In instance-based learning (aka memory-based or non-parametric learning), predictions are made by querying high-dimensional numerical data clouds, and making inferences from local clusters, locally polynomial patches, and local kernel density estimates. When we make a prediction we must gather up the effects induced by each datapoint and combine them statistically. This is so slow as to render instance-based learning impractical for datasets larger than around 10,000 to 100,000 records. Previous researchers had addressed this by either throwing away data (known as "editing the dataset") or by performing range searches over kd-trees. Range searching cannot help, however, in problems where all datapoints have non-zero effect (such as kernel density estimation), or where the ranges cover a large fraction of the data.

We have been working on new algorithms that avoid these problems. It uses a new kind of kd-tree in which statistics about regions of space are maintained at many resolutions simultaneously. For fixed kernel width or range size, the cost of the query increases sub-logarithmically in the number of datapoints. And, unlike "editing", once built, the same tree can be used for arbitrary and changing distance metrics and kernels. As a result, massive model selection (autonomously picking the best out of thousands of computationally expensive learning algorithms) becomes tractable, and we know of no other instance-based systems that are able to do nearly as much model selection search as ours.
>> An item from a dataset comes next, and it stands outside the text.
(* Let $P:\mathcal C^{op}\to\mathbf{Pos}$ be a doctrine and $\mathsf K=(K,\kappa,\mu,\nu)$ a comonad on $P$ in $\mathbf{IdxPos}$ (so $(K,\mu,\nu)$ is a comonad on $\mathcal C$, $\kappa:P\Rightarrow PK^{op}$ is natural, and $\kappa_X\le P(\mu_X)\circ\kappa_{KX}\circ\kappa_X$, $\kappa_X\le P(\nu_X)$). Let $\mathcal C_K$ be the category of $K$-coalgebras $(C,c)$, $c:C\to KC$, with coalgebra morphisms, and let $P^{\mathsf K}:\mathcal C_K^{op}\to\mathbf{Pos}$ be the doctrine with $P^{\mathsf K}(C,c)=\{\alpha\in PC\mid\alpha\le P(c)(\kappa_C(\alpha))\}$ (suborder of $PC$) and reindexing along a coalgebra morphism $t$ given by the restriction of $P(t)$. Let $(U,u):P^{\mathsf K}\to P$ be the 1-arrow with $U:\mathcal C_K\to\mathcal C$ the forgetful functor and $u_{(C,c)}:P^{\mathsf K}(C,c)\hookrightarrow PC$ the inclusion, and let $\omega:(U,u)\Rightarrow(K,\kappa)\circ(U,u)$ be the 2-arrow with $\omega_{(C,c)}=c$. Then $(P^{\mathsf K},(U,u),\omega)$ is the Eilenberg-Moore construction for $\mathsf K$ in $\mathbf{IdxPos}$, namely: (a) for every doctrine $Q:\mathcal D^{op}\to\mathbf{Pos}$, every 1-arrow $(X,x):Q\to P$ and every 2-arrow $\xi:(X,x)\Rightarrow(K,\kappa)\circ(X,x)$ in $\mathbf{IdxPos}$ satisfying $(\mu X)\cdot\xi=(K\xi)\cdot\xi$ and $(\nu X)\cdot\xi=\mathrm{id}_X$, there is a unique 1-arrow $(X',x'):Q\to P^{\mathsf K}$ with $(U,u)\circ(X',x')=(X,x)$ and $\omega(X',x')=\xi$ (i.e. $\omega_{X'D}=\xi_D$ for all $D$); (b) for two such pairs $((X,x),\xi)$, $((Y,y),\zeta)$ with induced $(X',x'),(Y',y')$, and every 2-arrow $\gamma:(X,x)\Rightarrow(Y,y)$ with $\zeta\cdot\gamma=(K\gamma)\cdot\xi$, there is a unique 2-arrow $\gamma':(X',x')\Rightarrow(Y',y')$ in $\mathbf{IdxPos}$ with $U\gamma'=\gamma$.
   Context: A doctrine is a functor $P:\mathcal C^{op}\to\mathbf{Pos}$; for $t:X\to Y$, $P(t):PY\to PX$ is reindexing. In the 2-category $\mathbf{IdxPos}$, a 1-arrow $(F,f):P\to Q$ (with $P:\mathcal C^{op}\to\mathbf{Pos}$, $Q:\mathcal D^{op}\to\mathbf{Pos}$) is a functor $F:\mathcal C\to\mathcal D$ with a natural transformation $f:P\Rightarrow Q\circ F^{op}$; a 2-arrow $\theta:(F,f)\Rightarrow(F',f')$ is a natural transformation $\theta:F\Rightarrow F'$ with $f_X(\alpha)\le Q(\theta_X)(f'_X(\alpha))$ for all $X,\alpha$; composition of $(G,g)$ then $(F,f)$ is $(FG,(fG^{op})\cdot g)$ (components $f_{GX}\circ g_X$), and vertical/horizontal composition of 2-arrows is that of natural transformations. A $K$-coalgebra for a comonad $(K,\mu,\nu)$ on $\mathcal C$ is $(C,c)$ with $c:C\to KC$, $\nu_C\circ c=\mathrm{id}_C$, $\mu_C\circ c=Kc\circ c$; a morphism $t:(C,c)\to(C',c')$ is $t:C\to C'$ with $c'\circ t=Kt\circ c$. *)

theory Defs
  imports Main
begin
Paper on Multiresolution Kernel Methods

More recent paper on Multiresolution methods for locally weighted polynomial regression

Elementary tutorial on kd-trees

Slides from talk on Multiresolution kdtrees

Constant-time "counting": ADtree representations of cached sufficient statistics

The ADtree (all-dimensions tree) is a new data structure that can empirically give a 50-fold to 1000-fold computational speedup for machine learning methods such as Bayes net structure finders, rule learners and feature selectors operating on large datasets. Many machine learning algorithms need to do vast numbers of counting queries (e.g. "How many records have Color=Blue, Nationality=British, Smoker=False, Status=Married, Nose=Big?"). Similarly, many algorithms need to build and test many contingency tables. We are researching methods for which, subject to certain assumptions, the costs of these kinds of operations can be shown to be independent of the number of records in the dataset and loglinear in the number of non-zero entries in the contingency table.
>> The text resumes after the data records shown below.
fun xcross :: "idx \<Rightarrow> idx \<Rightarrow> 'z::comm_ring_1 \<Rightarrow> 'z jck" where
  "xcross I1 I2 f = single (Xi I3) f"
| "xcross I2 I1 f = single (Xi I3) (- f)"
| "xcross I1 I3 f = single (Xi I2) f"
| "xcross I3 I1 f = single (Xi I2) (- f)"
| "xcross I3 I2 f = single (Xi I1) f"
| "xcross I2 I3 f = single (Xi I1) (- f)"
| "xcross I1 I1 f = 0"
| "xcross I2 I2 f = 0"
| "xcross I3 I3 f = 0"

text \<open>bprod d f e g e' is the product (f e)(g e') of the generator multiples,
  as given in the definition (odd-even products by supercommutativity).\<close>
fun bprod :: "('z::comm_ring_1 \<Rightarrow> 'z) \<Rightarrow> 'z \<Rightarrow> cb \<Rightarrow> 'z \<Rightarrow> cb \<Rightarrow> 'z jck" where
  "bprod d f One g e' = single e' (f * g)"
| "bprod d f (W i) g One = single (W i) (f * g)"
| "bprod d f (W i) g (W j) = (if i = j then single One (wsq i * (f * g)) else 0)"
| "bprod d f (W i) g X = single (Xi i) (d f * g)"
| "bprod d f (W i) g (Xi j) = - xcross i j (f * g)"
| "bprod d f X g One = single X (f * g)"
| "bprod d f X g (W i) = single (Xi i) (d g * f)"
| "bprod d f X g X = single One (d f * g - f * d g)"
| "bprod d f X g (Xi j) = single (W j) (- (f * g))"
| "bprod d f (Xi i) g One = single (Xi i) (f * g)"
| "bprod d f (Xi i) g (W j) = - xcross j i (f * g)"
| "bprod d f (Xi i) g X = single (W i) (f * g)"
| "bprod d f (Xi i) g (Xi j) = 0"

definition jmult :: "('z::comm_ring_1 \<Rightarrow> 'z) \<Rightarrow> 'z jck \<Rightarrow> 'z jck \<Rightarrow> 'z jck" where
  "jmult d a b = (\<Sum>e\<in>cbs. \<Sum>e'\<in>cbs. bprod d (a e) e (b e') e')"

definition sJ :: "('f \<Rightarrow> 'z \<Rightarrow> 'z) \<Rightarrow> 'f \<Rightarrow> 'z jck \<Rightarrow> 'z jck" where
  "sJ sc c v = (\<lambda>k. sc c (v k))"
The ADtree is a very sparse data structure to minimize memory use. We can provide analytical worst-case memory and construction-cost bounds for this structure for several models of data distribution. We have empirically demonstrated that tractably-sized data structures can be produced for large real-world datasets by (a) using a sparse tree structure that never allocates memory for counts of zero, (b) never allocating memory for counts that can be deduced from other counts, and (c) not bothering to expand the tree fully near its leaves. We are interested in investigating the possible uses of ADTrees in other machine learning methods, and looking at the merits of ADTrees in comparison with alternative representations such as kd-trees, R-trees and frequent sets.

Slides from talk on ADtrees

The ADTree paper

Probabilistic reasoning and belief networks

We show how the ADTree can be used to accelerate Bayes net structure finding algorithms, and we are currently exploiting this technology (in which structure searches can now happen at interactive speeds) in a number of new projects.

Slides on introduction to Bayes Nets

Fast Association Rule Learning

We have also applied ADTrees to learning association rules quickly.

A new paper on ADTrees applied to association rule algorithms such as CN2.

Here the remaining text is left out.